text \<open>A generic point whose tableau rows \<open>k = i, \<dots>, n\<close> have the prescribed sums \<open>\<lambda>\<^sub>k\<close>;
  such points are built one coordinate at a time, from the last one backwards.\<close>
definition realizes_from :: "nat \<Rightarrow> nat \<Rightarrow> (nat \<Rightarrow> int) \<Rightarrow> nat \<Rightarrow> (nat \<Rightarrow> real) \<Rightarrow> bool" where
  "realizes_from m n lam i x \<longleftrightarrow>
     (\<forall>p\<in>{i..n+1}. \<forall>q\<in>{i..n+1}. p \<le> q \<longrightarrow> x q \<le> x p) \<and> generic_on {i..n+1} x \<and>
     (\<forall>k\<in>{i..n}. (\<Sum>p\<in>{k+1..n+1}. capped_floor m (x k - x p)) = lam k)"

lemma realizes_from_next_row:
  assumes lam: "lam \<in> partitions m n" and "i \<le> n" and x: "realizes_from m n lam (i + 1) x"
  shows "(\<Sum>p\<in>{i+1..n+1}. capped_floor m (x (i + 1) - x p)) = lam (i + 1)"
proof -
  have "{i+1..n+1} = insert (i + 1) {i+2..n+1}"
    using \<open>i \<le> n\<close> by auto
  then have "(\<Sum>p\<in>{i+1..n+1}. capped_floor m (x (i + 1) - x p))
      = (\<Sum>p\<in>{i+2..n+1}. capped_floor m (x (i + 1) - x p))"
    by (simp add: capped_floor_def)
  also have "\<dots> = lam (i + 1)"
  proof (cases "i < n")
    case True
    then show ?thesis
      using x by (simp add: realizes_from_def numeral_2_eq_2)
  next
    case False
    then show ?thesis
      using lam \<open>i \<le> n\<close> by (simp add: partitions_def)
  qed
  finally show ?thesis .
qed

lemma realizes_from_update:
  assumes x: "realizes_from m n lam (i + 1) x" and "x (i + 1) < t"
    and t_gen: "\<forall>p\<in>{i+1..n+1}. t - x p \<notin> \<int>"
    and t_sum: "(\<Sum>p\<in>{i+1..n+1}. capped_floor m (t - x p)) = lam i"
  shows "realizes_from m n lam i (x(i := t))"
proof -
  let ?x = "x(i := t)"
  have mono: "\<And>p q. p \<in> {i+1..n+1} \<Longrightarrow> q \<in> {i+1..n+1} \<Longrightarrow> p \<le> q \<Longrightarrow> x q \<le> x p"
    and gen: "generic_on {i+1..n+1} x"
    and sums: "\<And>k. k \<in> {i+1..n} \<Longrightarrow> (\<Sum>p\<in>{k+1..n+1}. capped_floor m (x k - x p)) = lam k"
    using x by (simp_all add: realizes_from_def)
  have "?x q \<le> ?x p" if "p \<in> {i..n+1}" "q \<in> {i..n+1}" "p \<le> q" for p q
    using that mono[of "i + 1" q] mono[of p q] \<open>x (i + 1) < t\<close>
    by (cases "p = i"; cases "q = i") auto
  moreover have "?x p - ?x q \<notin> \<int>" if pq: "p \<in> {i..n+1}" "q \<in> {i..n+1}" "p \<noteq> q" for p q
  proof -
    consider "p = i" "q \<in> {i+1..n+1}" | "q = i" "p \<in> {i+1..n+1}" | "p \<in> {i+1..n+1}" "q \<in> {i+1..n+1}"
      using pq by force
    then show ?thesis
    proof cases
      case 2
      then have "- (?x p - ?x q) \<notin> \<int>"
        using t_gen by simp
      then show ?thesis
        using Ints_minus by blast
    qed (use t_gen gen pq in \<open>auto simp: generic_on_def\<close>)
  qed
  moreover have "(\<Sum>p\<in>{k+1..n+1}. capped_floor m (?x k - ?x p)) = lam k" if "k \<in> {i..n}" for k
    using t_sum sums[of k] that by (cases "k = i") auto
  ultimately show ?thesis
    by (simp add: realizes_from_def generic_on_def)
qed

lemma realizes_from_extend:
  assumes lam: "lam \<in> partitions m n" and i: "1 \<le> i" "i \<le> n"
    and x: "realizes_from m n lam (i + 1) x"
  shows "\<exists>x'. realizes_from m n lam i x'"
proof -
  have "x p \<le> x (i + 1)" if "p \<in> {i+1..n+1}" for p
    using x that by (simp add: realizes_from_def)
  moreover have "generic_on {i+1..n+1} x"
    using x by (simp add: realizes_from_def)
  moreover have "(\<Sum>p\<in>{i+1..n+1}. capped_floor m (x (i + 1) - x p)) \<le> lam i"
    using realizes_from_next_row[OF lam i(2) x] partition_part_bounds[OF lam i] by simp
  moreover have "lam i \<le> int m * int (card {i+1..n+1})"
    using partition_part_bounds[OF lam i] i by (simp add: Suc_diff_le)
  ultimately obtain t where "x (i + 1) < t" "\<forall>p\<in>{i+1..n+1}. t - x p \<notin> \<int>"
      "(\<Sum>p\<in>{i+1..n+1}. capped_floor m (t - x p)) = lam i"
    using exists_generic_level[of "{i+1..n+1}" x "x (i + 1)" m "lam i"] by auto
  then show ?thesis
    using realizes_from_update[OF x] by blast
qed

lemma exists_realization:
  assumes "lam \<in> partitions m n"
  shows "\<exists>x. realizes_from m n lam 1 x"
proof -
  have "\<exists>x. realizes_from m n lam (n + 1 - d) x" if "d \<le> n" for d
    using that
  proof (induction d)
    case 0
    show ?case
      by (rule exI[of _ "\<lambda>_. 0"]) (simp add: realizes_from_def generic_on_def)
  next
    case (Suc d)
    then obtain x where "realizes_from m n lam (n - d + 1) x"
      by (auto simp: Suc_diff_le)
    then show ?case
      using realizes_from_extend[OF assms, of "n - d"] Suc.prems by simp
  qed
  from this[of n] show ?thesis
    by simp
qed

lemma exists_VA_translate: "\<exists>c. (\<lambda>p. if p \<in> {1..n+1} then x p - c else 0) \<in> VA n"
proof
  let ?c = "(\<Sum>p=1..n+1. x p) / real (n + 1)"
  have "(\<Sum>p=1..n+1. (if p \<in> {1..n+1} then x p - ?c else 0)) = (\<Sum>p=1..n+1. x p) - real (n + 1) * ?c"
    by (simp add: sum_subtractf)
  then show "(\<lambda>p. if p \<in> {1..n+1} then x p - ?c else 0) \<in> VA n"
    by (simp add: VA_def)
qed

lemma generic_point_in_complement:
  assumes "x \<in> VA n" and "\<And>i j. 1 \<le> i \<Longrightarrow> i \<le> j \<Longrightarrow> j \<le> n \<Longrightarrow> pair_alpha x i j \<notin> \<int>"
  shows "x \<in> complement_arr m n"
proof -
  have "x \<notin> hyperplane_A n i j k" if "1 \<le> i" "i \<le> j" "j \<le> n" for i j k
    using assms(2)[OF that] by (auto simp: hyperplane_A_def)
  then show ?thesis
    using assms(1) by (auto simp: complement_arr_def cat_arr_def)
qed

lemma partition_point:
  assumes lam: "lam \<in> partitions m n"
  shows "\<exists>x \<in> complement_arr m n \<inter> dominant_cone n. point_partition m n x = lam"
proof -
  obtain y where y: "realizes_from m n lam 1 y"
    using exists_realization[OF lam] by blast
  obtain c where "(\<lambda>p. if p \<in> {1..n+1} then y p - c else 0) \<in> VA n"
    using exists_VA_translate by blast
  then obtain x where VA: "x \<in> VA n" and x: "\<And>p. p \<in> {1..n+1} \<Longrightarrow> x p = y p - c"
    by fastforce
  have alpha: "pair_alpha x i j = y i - y (j + 1)" if "1 \<le> i" "i \<le> j" "j \<le> n" for i j
    using that by (simp add: pair_alpha_def x)
  have "x \<in> dominant_cone n"
    unfolding dominant_cone_def
  proof (intro CollectI allI impI)
    fix i j assume "1 \<le> i \<and> i \<le> j \<and> j \<le> n"
    then show "0 \<le> pair_alpha x i j"
      using y alpha[of i j] by (simp add: realizes_from_def)
  qed
  moreover have "x \<in> complement_arr m n"
    using VA y alpha by (intro generic_point_in_complement) (auto simp: realizes_from_def generic_on_def)
  moreover have "point_partition m n x i = lam i" for i
  proof (cases "i \<in> {1..n}")
    case True
    have "(\<Sum>j=i..n. point_tableau m n x i j) = (\<Sum>j=i..n. capped_floor m (y i - y (Suc j)))"
      using True by (intro sum.cong) (auto simp: point_tableau_def alpha)
    also have "\<dots> = (\<Sum>p\<in>{i+1..n+1}. capped_floor m (y i - y p))"
      using sum.shift_bounds_cl_Suc_ivl[of "\<lambda>p. capped_floor m (y i - y p)" i n] by simp
    finally show ?thesis
      using y True by (simp add: point_partition_def realizes_from_def)
  next
    case False
    then show ?thesis
      using lam unfolding point_partition_def partitions_def by auto
  qed
  ultimately show ?thesis
    by blast
qed

lemma tableau_of_point:
  assumes "x \<in> complement_arr m n \<inter> dominant_cone n"
  shows "phi_bar m n (point_partition m n x) = shi_tableau m n (connected_component_set (complement_arr m n) x)"
proof (intro ext)
  fix i j
  show "phi_bar m n (point_partition m n x) i j = shi_tableau m n (connected_component_set (complement_arr m n) x) i j"
    using assms shi_k_component[of x m n i j]
    by (auto simp: phi_bar_def phik_point_partition shi_tableau_def point_tableau_def dominant_cone_def)
qed

lemma dominant_regions_eq_components:
  "dominant_regions m n
    = (\<lambda>x. connected_component_set (complement_arr m n) x) ` (complement_arr m n \<inter> dominant_cone n)"
proof (intro equalityI subsetI)
  fix R assume R: "R \<in> dominant_regions m n"
  then obtain x where x: "x \<in> complement_arr m n" and "R = connected_component_set (complement_arr m n) x"
    by (auto simp: dominant_regions_def regions_def)
  moreover have "x \<in> dominant_cone n"
    using R x \<open>R = _\<close> connected_component_refl by (auto simp: dominant_regions_def)
  ultimately show "R \<in> (\<lambda>x. connected_component_set (complement_arr m n) x) ` (complement_arr m n \<inter> dominant_cone n)"
    by blast
next
  fix R assume "R \<in> (\<lambda>x. connected_component_set (complement_arr m n) x) ` (complement_arr m n \<inter> dominant_cone n)"
  then obtain x where x: "x \<in> complement_arr m n" "x \<in> dominant_cone n"
    and R: "R = connected_component_set (complement_arr m n) x"
    by blast
  have "y \<in> dominant_cone n" if "y \<in> R" for y
    using x component_capped_floor[OF x(1) that[unfolded R]] by (simp add: dominant_cone_def)
  then show "R \<in> dominant_regions m n"
    using x R by (auto simp: dominant_regions_def regions_def)
qed

lemma partitions_eq_point_partitions:
  "partitions m n = point_partition m n ` (complement_arr m n \<inter> dominant_cone n)"
  using partition_point point_partition_in_partitions by blast

theorem lemma4p7:
  fixes n m :: nat
  assumes "1 \<le> n" and "1 \<le> m"
  shows "phi_bar m n ` partitions m n = shi_tableau m n ` dominant_regions m n"
proof -
  let ?P = "complement_arr m n \<inter> dominant_cone n"
  have "phi_bar m n ` partitions m n = (\<lambda>x. phi_bar m n (point_partition m n x)) ` ?P"
    by (simp add: partitions_eq_point_partitions image_image)
  also have "\<dots> = (\<lambda>x. shi_tableau m n (connected_component_set (complement_arr m n) x)) ` ?P"
    using tableau_of_point by (rule image_cong[OF refl])
  also have "\<dots> = shi_tableau m n ` dominant_regions m n"
    by (simp add: dominant_regions_eq_components image_image)
  finally show ?thesis .
qed
lemma psd_mat_diag_iff:
  "psd d (mat_diag d (\<lambda>i. complex_of_real (p i))) \<longleftrightarrow> (\<forall>i<d. 0 \<le> p i)"
proof
  assume psd: "psd d (mat_diag d (\<lambda>i. complex_of_real (p i)))"
  show "\<forall>i<d. 0 \<le> p i"
  proof (intro allI impI)
    fix i assume "i < d"
    have "conjugate (unit_vec d i) \<bullet> (mat_diag d (\<lambda>i. complex_of_real (p i)) *\<^sub>v unit_vec d i)
        = (\<Sum>k<d. complex_of_real (p k) * complex_of_real ((cmod (unit_vec d i $ k))\<^sup>2))"
      by (simp only: mat_diag_quadratic_form unit_vec_carrier)
    also have "\<dots> = (\<Sum>k<d. if k = i then complex_of_real (p k) else 0)"
      by (intro sum.cong refl) (simp add: unit_vec_def)
    also have "\<dots> = complex_of_real (p i)" using \<open>i < d\<close> by simp
    finally show "0 \<le> p i" using psd unfolding psd_def by (metis Re_complex_of_real unit_vec_carrier)
  qed
next
  assume nonneg: "\<forall>i<d. 0 \<le> p i"
  show "psd d (mat_diag d (\<lambda>i. complex_of_real (p i)))"
    unfolding psd_def
  proof (intro conjI ballI)
    fix v :: "complex vec" assume "v \<in> carrier_vec d"
    then have form: "conjugate v \<bullet> (mat_diag d (\<lambda>i. complex_of_real (p i)) *\<^sub>v v)
        = complex_of_real (\<Sum>i<d. p i * (cmod (v $ i))\<^sup>2)"
      by (simp add: mat_diag_quadratic_form)
    show "Im (conjugate v \<bullet> (mat_diag d (\<lambda>i. complex_of_real (p i)) *\<^sub>v v)) = 0"
      unfolding form by simp
    show "Re (conjugate v \<bullet> (mat_diag d (\<lambda>i. complex_of_real (p i)) *\<^sub>v v)) \<ge> 0"
      unfolding form using nonneg by (auto intro!: sum_nonneg)
  qed simp
qed

lemma mat_diag_in_states_iff:
  "mat_diag d (\<lambda>i. complex_of_real (p i)) \<in> states d \<longleftrightarrow> prob_vector d p"
proof -
  have "mtrace (mat_diag d (\<lambda>i. complex_of_real (p i))) = 1 \<longleftrightarrow> (\<Sum>i<d. p i) = 1"
    by (simp add: mtrace_mat_diag flip: of_real_sum)
  then show ?thesis by (simp add: states_def prob_vector_def psd_mat_diag_iff)
qed

lemma passive_states_iff:
  "\<rho> \<in> passive_states d \<longleftrightarrow>
    (\<exists>p. passive_prob_vector d p \<and> \<rho> = mat_diag d (\<lambda>i. complex_of_real (p i)))"
  by (auto simp: passive_states_def passive_prob_vector_def mat_diag_in_states_iff)

lemma mat_diag_in_passive_states_iff:
  "mat_diag d (\<lambda>i. complex_of_real (p i)) \<in> passive_states d \<longleftrightarrow> passive_prob_vector d p"
proof
  assume "mat_diag d (\<lambda>i. complex_of_real (p i)) \<in> passive_states d"
  then obtain q where "passive_prob_vector d q" and "\<forall>i<d. p i = q i"
    by (auto simp: passive_states_iff mat_diag_eq_iff)
  then show "passive_prob_vector d p" using passive_prob_vector_cong by blast
qed (auto simp: passive_states_iff)

definition kraus_transition :: "complex mat list \<Rightarrow> nat \<Rightarrow> nat \<Rightarrow> real" where
  "kraus_transition Ks j a = (\<Sum>K\<leftarrow>Ks. (cmod (K $$ (j, a)))\<^sup>2)"

lemma mat_adjoint_carrier: "K \<in> carrier_mat d d \<Longrightarrow> mat_adjoint K \<in> carrier_mat d d"
  unfolding mat_adjoint_def by auto

lemma mat_adjoint_index:
  "K \<in> carrier_mat d d \<Longrightarrow> i < d \<Longrightarrow> j < d \<Longrightarrow> mat_adjoint K $$ (i, j) = cnj (K $$ (j, i))"
  unfolding mat_adjoint_def by (auto simp: mat_of_rows_def)

lemma msum_carrier_mat: "\<forall>M\<in>set Ms. M \<in> carrier_mat d d \<Longrightarrow> msum d Ms \<in> carrier_mat d d"
  by (induction Ms) (auto simp: msum_def)

lemma conj_mat_diag_index:
  assumes K: "K \<in> carrier_mat d d" and "j < d"
  shows "(K * mat_diag d c * mat_adjoint K) $$ (j, j) = (\<Sum>a<d. c a * of_real ((cmod (K $$ (j, a)))\<^sup>2))"
proof -
  have "(K * mat_diag d c * mat_adjoint K) $$ (j, j) = (\<Sum>a<d. K $$ (j, a) * c a * cnj (K $$ (j, a)))"
    using assms mat_adjoint_carrier[OF K] mat_adjoint_index[OF K]
    by (auto simp: mat_diag_mult_right[OF K] scalar_prod_def lessThan_atLeast0 intro!: sum.cong)
  also have "\<dots> = (\<Sum>a<d. c a * of_real ((cmod (K $$ (j, a)))\<^sup>2))"
    by (simp add: of_real_cmod_power2 mult_ac)
  finally show ?thesis .
qed

lemma kraus_map_mat_diag_index:
  assumes "\<forall>K\<in>set Ks. K \<in> carrier_mat d d" and "j < d"
  shows "msum d (map (\<lambda>K. K * mat_diag d c * mat_adjoint K) Ks) $$ (j, j)
    = (\<Sum>a<d. c a * of_real (kraus_transition Ks j a))"
  using assms
proof (induction Ks)
  case Nil
  then show ?case by (simp add: msum_def kraus_transition_def)
next
  case (Cons K Ks)
  have K: "K \<in> carrier_mat d d" using Cons.prems by simp
  have "msum d (map (\<lambda>K. K * mat_diag d c * mat_adjoint K) Ks) \<in> carrier_mat d d"
    using Cons.prems by (auto intro!: msum_carrier_mat
        mult_carrier_mat[OF mult_carrier_mat[OF _ mat_diag_dim] mat_adjoint_carrier])
  then have "msum d (map (\<lambda>K. K * mat_diag d c * mat_adjoint K) (K # Ks)) $$ (j, j)
      = (K * mat_diag d c * mat_adjoint K) $$ (j, j)
        + msum d (map (\<lambda>K. K * mat_diag d c * mat_adjoint K) Ks) $$ (j, j)"
    using Cons.prems by (simp add: msum_def)
  also have "\<dots> = (\<Sum>a<d. c a * of_real ((cmod (K $$ (j, a)))\<^sup>2))
        + (\<Sum>a<d. c a * of_real (kraus_transition Ks j a))"
    using Cons K by (simp add: conj_mat_diag_index)
  also have "\<dots> = (\<Sum>a<d. c a * of_real (kraus_transition (K # Ks) j a))"
    by (simp add: kraus_transition_def algebra_simps sum.distrib)
  finally show ?case .
qed

text \<open>Only the diagonal of the output is computed from the Kraus operators: the output is passive,
  hence diagonal, by assumption.\<close>

lemma passive_kraus_map_mat_diag:
  assumes outputs_passive: "\<forall>\<rho>\<in>states d. \<Phi> \<rho> \<in> passive_states d"
    and Ks: "\<forall>K\<in>set Ks. K \<in> carrier_mat d d"
    and kraus: "\<forall>\<rho>\<in>carrier_mat d d. \<Phi> \<rho> = msum d (map (\<lambda>K. K * \<rho> * mat_adjoint K) Ks)"
    and p: "prob_vector d p"
  shows "\<Phi> (mat_diag d (\<lambda>i. complex_of_real (p i)))
    = mat_diag d (\<lambda>j. complex_of_real (\<Sum>a<d. kraus_transition Ks j a * p a))"
proof -
  obtain q where q: "\<Phi> (mat_diag d (\<lambda>i. complex_of_real (p i))) = mat_diag d (\<lambda>i. complex_of_real (q i))"
    using outputs_passive p mat_diag_in_states_iff passive_states_iff by metis
  have "q j = (\<Sum>a<d. kraus_transition Ks j a * p a)" if "j < d" for j
  proof -
    have "complex_of_real (q j) = \<Phi> (mat_diag d (\<lambda>i. complex_of_real (p i))) $$ (j, j)"
      using q that by (simp add: mat_diag_def)
    also have "\<dots> = (\<Sum>a<d. complex_of_real (p a) * complex_of_real (kraus_transition Ks j a))"
      using kraus Ks that by (simp add: kraus_map_mat_diag_index)
    finally show ?thesis by (simp add: mult.commute flip: of_real_mult of_real_sum)
  qed
  then show ?thesis using q by (simp add: mat_diag_eq_iff)
qed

****************************************

Brief: Among the entries above, how many lines hold the word "mono"? Reply with only that number.

Reply: 2